Si Gaby Vargas se dio cuenta, seguro me borró del feisbuk. No hubo mala intención, holgazanería o abuso de la amistad, fue algo peor: Ignorancia pura.

Muy añejo es el dicho “a donde fueres haz lo que vieres”, pero estarán de acuerdo conmigo: aun a las mujeres nos lleva un rato saberle los modos a sociedades diferentes a las nuestras, donde crecimos y nos hicimos personas. Bueno, pues de ahí el error garrafal cometido por quien esto escribe.

Fui a visitar a una querida amiga, quien entonces vivía en San Antonio, Texas, matrimoniada con un hombre paradigmáticamente norteamericano. En realidad sólo fueron dos deslices, pequeños para el hombre, pero enormes para la humanidad. Ella se divorció unos meses después, y me resisto a pensar que mi acto de vandálica informalidad fue el causante, o por lo menos, el pretexto perfecto.

Arribé a su casa, miré el piso del departamento y me pareció lo suficientemente amplio para dormir en cualquier rincón, como hacen las familias mexicanas cuando llega un huésped, pues estamos de acuerdo que, en nuestra querendona sociedad, insistir en alojarse en un hotel llega a ser muy ofensivo. Pues no fue el caso, el hombre aquél montó en cólera cuando sospechó mi intención; quise arreglar el desaguisado, ofrecí buscar algún hostal, de perdis, pero entonces se armó la revuelta entre los esposos y yo quedé como personaje de caricatura, entre el estira y afloja.

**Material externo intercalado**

(* Let $M$ be a partial multiplication matrix whose row-column graph has at least one cycle, and let $\pi^\natural$ be a gridded $M$-coil defined on a cycle of $G_M$ of length $\ell$. Let $\pi^\#$ be any other $M$-gridding of the underlying permutation $\pi$, and let $c_1,\dots,c_r$ be the non-empty cells of $\pi^\#$ that lie in some single row of cells, or in some single column of cells. If cell $c_i$ contains $k_i$ points ($1\le i\le r$) and $S_i=\sum_{j\ne i}k_j$, then $k_i\le 2\ell(S_i+1)$ for each $i$.
   Context: A gridding matrix has entries in $\{0,1,-1\}$; an $m\times n$ one has $m$ columns, $n$ rows, $M_{ij}$ in column $i$ from the left and row $j$ from the bottom. An $M$-gridding of a permutation $\pi$ of length $L$ is a choice of vertical lines $\tfrac12=v_0\le\dots\le v_m=L+\tfrac12$ and horizontal lines $\tfrac12=h_0\le\dots\le h_n=L+\tfrac12$, not through points of $\pi$, such that in each cell $C_{ij}=\{v_{i-1}<x<v_i,\ h_{j-1}<y<h_j\}$ the points of $\pi$ are absent if $M_{ij}=0$, increasing if $M_{ij}=1$, decreasing if $M_{ij}=-1$; this gives an $M$-gridded permutation. The row-column graph $G_M$ is the bipartite graph on $\{1,\dots,m\}\cup\{1',\dots,n'\}$ with edge $ij'$ iff $M_{ij}\neq0$ (so non-zero cells correspond to edges). $M$ is a partial multiplication matrix if there are fixed $c_1,\dots,c_m,r_1,\dots,r_n\in\{\pm1\}$ with $M_{ij}=c_ir_j$ for each non-zero entry. Column $i$ is oriented left-to-right if $c_i=1$, right-to-left otherwise; row $j$ bottom-to-top if $r_j=1$, top-to-bottom otherwise. The orientation digraph $D_{\pi^\#}$ of an $M$-gridded permutation has its points as vertices, with $x\to y$ whenever $x,y$ lie in a common column of cells and $x$ precedes $y$ in that column's orientation, or in a common row of cells and $x$ precedes $y$ in that row's orientation. A gridded $M$-coil on a cycle of $G_M$ of length $\ell$ is an $M$-gridded permutation of length $n>\ell$ with an ordering $v_1,\dots,v_n$ of its points and a labelling by $1,\dots,\ell$ of the $\ell$ cells corresponding to the edges of that cycle such that (C1) $v_i$ lies in cell $i\bmod\ell$ (residues in $\{1,\dots,\ell\}$); (C2) $v_{i-1}\to v_i$ for $1<i\le n$; (C3) $v_i\to v_{i-\ell-1}$ for $\ell+1<i\le n$; (C4) $v_{\ell+1}\to v_1$. *)

theory Defs
  imports Main
begin

text \<open>A permutation of length L is a bijection pi on {1..L}; its points are
  (x, pi x) for x in {1..L}, identified with their x-coordinate x.
  A vertical line at position a + 1/2 (a a natural number, 0 \<le> a \<le> L) is encoded by a;
  so v : {0..m} -> {0..L}, v 0 = 0, v m = L, v monotone.  A point x lies strictly between the
  lines v (i-1) + 1/2 and v i + 1/2 iff v (i-1) < x \<le> v i.  Same for horizontal lines h.
  A gridding matrix with m columns and n rows is M :: nat => nat => int, entries M i j for
  1 \<le> i \<le> m (column), 1 \<le> j \<le> n (row).\<close>

definition gridding_matrix :: "nat \<Rightarrow> nat \<Rightarrow> (nat \<Rightarrow> nat \<Rightarrow> int) \<Rightarrow> bool" where
  "gridding_matrix m n M \<longleftrightarrow> (\<forall>i\<in>{1..m}. \<forall>j\<in>{1..n}. M i j \<in> {-1, 0, 1})"

definition is_perm :: "nat \<Rightarrow> (nat \<Rightarrow> nat) \<Rightarrow> bool" where
  "is_perm L \<pi> \<longleftrightarrow> bij_betw \<pi> {1..L} {1..L}"

definition grid_lines :: "nat \<Rightarrow> nat \<Rightarrow> (nat \<Rightarrow> nat) \<Rightarrow> bool" where
  "grid_lines k L v \<longleftrightarrow> v 0 = 0 \<and> v k = L \<and> (\<forall>i<k. v i \<le> v (Suc i))"

definition in_col :: "(nat \<Rightarrow> nat) \<Rightarrow> nat \<Rightarrow> nat \<Rightarrow> bool" where
  "in_col v i x \<longleftrightarrow> v (i - 1) < x \<and> x \<le> v i"

definition in_row :: "(nat \<Rightarrow> nat) \<Rightarrow> (nat \<Rightarrow> nat) \<Rightarrow> nat \<Rightarrow> nat \<Rightarrow> bool" where
  "in_row h \<pi> j x \<longleftrightarrow> h (j - 1) < \<pi> x \<and> \<pi> x \<le> h j"

definition in_cell :: "(nat \<Rightarrow> nat) \<Rightarrow> (nat \<Rightarrow> nat) \<Rightarrow> (nat \<Rightarrow> nat) \<Rightarrow> nat \<Rightarrow> nat \<Rightarrow> nat \<Rightarrow> bool" where
  "in_cell v h \<pi> i j x \<longleftrightarrow> in_col v i x \<and> in_row h \<pi> j x"

definition cell_pts :: "nat \<Rightarrow> (nat \<Rightarrow> nat) \<Rightarrow> (nat \<Rightarrow> nat) \<Rightarrow> (nat \<Rightarrow> nat) \<Rightarrow> nat \<Rightarrow> nat \<Rightarrow> nat set" where
  "cell_pts L v h \<pi> i j = {x \<in> {1..L}. in_cell v h \<pi> i j x}"

definition M_gridding :: "nat \<Rightarrow> nat \<Rightarrow> (nat \<Rightarrow> nat \<Rightarrow> int) \<Rightarrow> nat \<Rightarrow> (nat \<Rightarrow> nat)
    \<Rightarrow> (nat \<Rightarrow> nat) \<Rightarrow> (nat \<Rightarrow> nat) \<Rightarrow> bool" where
  "M_gridding m n M L \<pi> v h \<longleftrightarrow> grid_lines m L v \<and> grid_lines n L h \<and>
     (\<forall>i\<in>{1..m}. \<forall>j\<in>{1..n}.
        (M i j = 0 \<longrightarrow> cell_pts L v h \<pi> i j = {}) \<and>
        (M i j = 1 \<longrightarrow> (\<forall>x\<in>cell_pts L v h \<pi> i j. \<forall>y\<in>cell_pts L v h \<pi> i j. x < y \<longrightarrow> \<pi> x < \<pi> y)) \<and>
        (M i j = -1 \<longrightarrow> (\<forall>x\<in>cell_pts L v h \<pi> i j. \<forall>y\<in>cell_pts L v h \<pi> i j. x < y \<longrightarrow> \<pi> x > \<pi> y)))"

definition partial_mult :: "nat \<Rightarrow> nat \<Rightarrow> (nat \<Rightarrow> nat \<Rightarrow> int) \<Rightarrow> (nat \<Rightarrow> int) \<Rightarrow> (nat \<Rightarrow> int) \<Rightarrow> bool" where
  "partial_mult m n M c r \<longleftrightarrow> (\<forall>i\<in>{1..m}. c i \<in> {-1, 1}) \<and> (\<forall>j\<in>{1..n}. r j \<in> {-1, 1}) \<and>
     (\<forall>i\<in>{1..m}. \<forall>j\<in>{1..n}. M i j \<noteq> 0 \<longrightarrow> M i j = c i * r j)"

text \<open>Row-column graph G_M: vertices Inl i (column i) and Inr j (row j').\<close>
definition GM_edge :: "nat \<Rightarrow> nat \<Rightarrow> (nat \<Rightarrow> nat \<Rightarrow> int) \<Rightarrow> nat + nat \<Rightarrow> nat + nat \<Rightarrow> bool" where
  "GM_edge m n M a b \<longleftrightarrow>
     (\<exists>i\<in>{1..m}. \<exists>j\<in>{1..n}. M i j \<noteq> 0 \<and> ((a = Inl i \<and> b = Inr j) \<or> (a = Inr j \<and> b = Inl i)))"

definition GM_cycle :: "nat \<Rightarrow> nat \<Rightarrow> (nat \<Rightarrow> nat \<Rightarrow> int) \<Rightarrow> nat \<Rightarrow> (nat \<Rightarrow> nat + nat) \<Rightarrow> bool" where
  "GM_cycle m n M l u \<longleftrightarrow> l \<ge> 3 \<and> inj_on u {..<l} \<and> (\<forall>k<l. GM_edge m n M (u k) (u (Suc k mod l)))"

fun edge_cell :: "nat + nat \<Rightarrow> nat + nat \<Rightarrow> nat \<times> nat" where
  "edge_cell (Inl i) (Inr j) = (i, j)"
| "edge_cell (Inr j) (Inl i) = (i, j)"
| "edge_cell _ _ = (0, 0)"

definition cycle_cells :: "nat \<Rightarrow> (nat \<Rightarrow> nat + nat) \<Rightarrow> (nat \<times> nat) set" where
  "cycle_cells l u = {edge_cell (u k) (u (Suc k mod l)) | k. k < l}"

definition orient_arrow :: "nat \<Rightarrow> nat \<Rightarrow> (nat \<Rightarrow> int) \<Rightarrow> (nat \<Rightarrow> int) \<Rightarrow> nat \<Rightarrow> (nat \<Rightarrow> nat)
    \<Rightarrow> (nat \<Rightarrow> nat) \<Rightarrow> (nat \<Rightarrow> nat) \<Rightarrow> nat \<Rightarrow> nat \<Rightarrow> bool" where
  "orient_arrow m n c r L \<pi> v h x y \<longleftrightarrow> x \<in> {1..L} \<and> y \<in> {1..L} \<and>
     ((\<exists>i\<in>{1..m}. in_col v i x \<and> in_col v i y \<and> (if c i = 1 then x < y else y < x)) \<or>
      (\<exists>j\<in>{1..n}. in_row h \<pi> j x \<and> in_row h \<pi> j y \<and> (if r j = 1 then \<pi> x < \<pi> y else \<pi> y < \<pi> x)))"

text \<open>(pi, v, h) with ordering ord of its points (v_i = ord i) and labelling lab of the cycle cells
  is a gridded M-coil on the cycle u of length l.  Residue of i mod l in {1..l} is (i-1) mod l + 1.\<close>
definition gridded_coil :: "nat \<Rightarrow> nat \<Rightarrow> (nat \<Rightarrow> nat \<Rightarrow> int) \<Rightarrow> (nat \<Rightarrow> int) \<Rightarrow> (nat \<Rightarrow> int)
    \<Rightarrow> nat \<Rightarrow> (nat \<Rightarrow> nat) \<Rightarrow> (nat \<Rightarrow> nat) \<Rightarrow> (nat \<Rightarrow> nat)
    \<Rightarrow> nat \<Rightarrow> (nat \<Rightarrow> nat + nat) \<Rightarrow> (nat \<Rightarrow> nat) \<Rightarrow> (nat \<Rightarrow> nat \<times> nat) \<Rightarrow> bool" where
  "gridded_coil m n M c r L \<pi> v h l u ord lab \<longleftrightarrow>
     is_perm L \<pi> \<and> M_gridding m n M L \<pi> v h \<and> GM_cycle m n M l u \<and> L > l \<and>
     bij_betw lab {1..l} (cycle_cells l u) \<and> bij_betw ord {1..L} {1..L} \<and>
     (\<forall>i\<in>{1..L}. in_cell v h \<pi> (fst (lab ((i - 1) mod l + 1))) (snd (lab ((i - 1) mod l + 1))) (ord i)) \<and>
     (\<forall>i. 1 < i \<and> i \<le> L \<longrightarrow> orient_arrow m n c r L \<pi> v h (ord (i - 1)) (ord i)) \<and>
     (\<forall>i. l + 1 < i \<and> i \<le> L \<longrightarrow> orient_arrow m n c r L \<pi> v h (ord i) (ord (i - l - 1))) \<and>
     orient_arrow m n c r L \<pi> v h (ord (l + 1)) (ord 1)"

Al otro día, nuevamente estuve en el ajo cuando no supe si, en el restaurante, pagar la cuenta de todos, la mía nada más o ninguna. El hombre se expresó despectivamente de los mexicanos y supe entonces cuánto mis clases de inglés estaban cobrando forma porque entendía hasta las palabrotas.

Pero si no se equivoca uno por lo menos, lo hace por lo más. Ya ven ustedes cómo en la ciudad no es muy bien visto detenerse a platicar largamente, con todo y prólogo, en una visita oficial o en la calle si es encuentro fortuito, por aquello de las prisas. Pues debo decirles que en el rancho me hice fama de la más gruñona de todos, porque si era menester acudir a casa ajena para arreglar asuntos, saludaba e iba al grano. Supe cómo don Chuyito se cuestionó si realmente yo tenía estudios, pues yo obviaba la parte más importante: el rapport, saludo extendido, comentario del clima, actualización del estado familiar y, de pasada, el asunto en común.

No le haya uno, señoras y señores. Sólo espero nadie comente sobre este bochornoso asunto que llevo a cuestas, pero tanto me pesaba que debía decirlo a alguien. Gracias por escuchar y guardarme el secretito.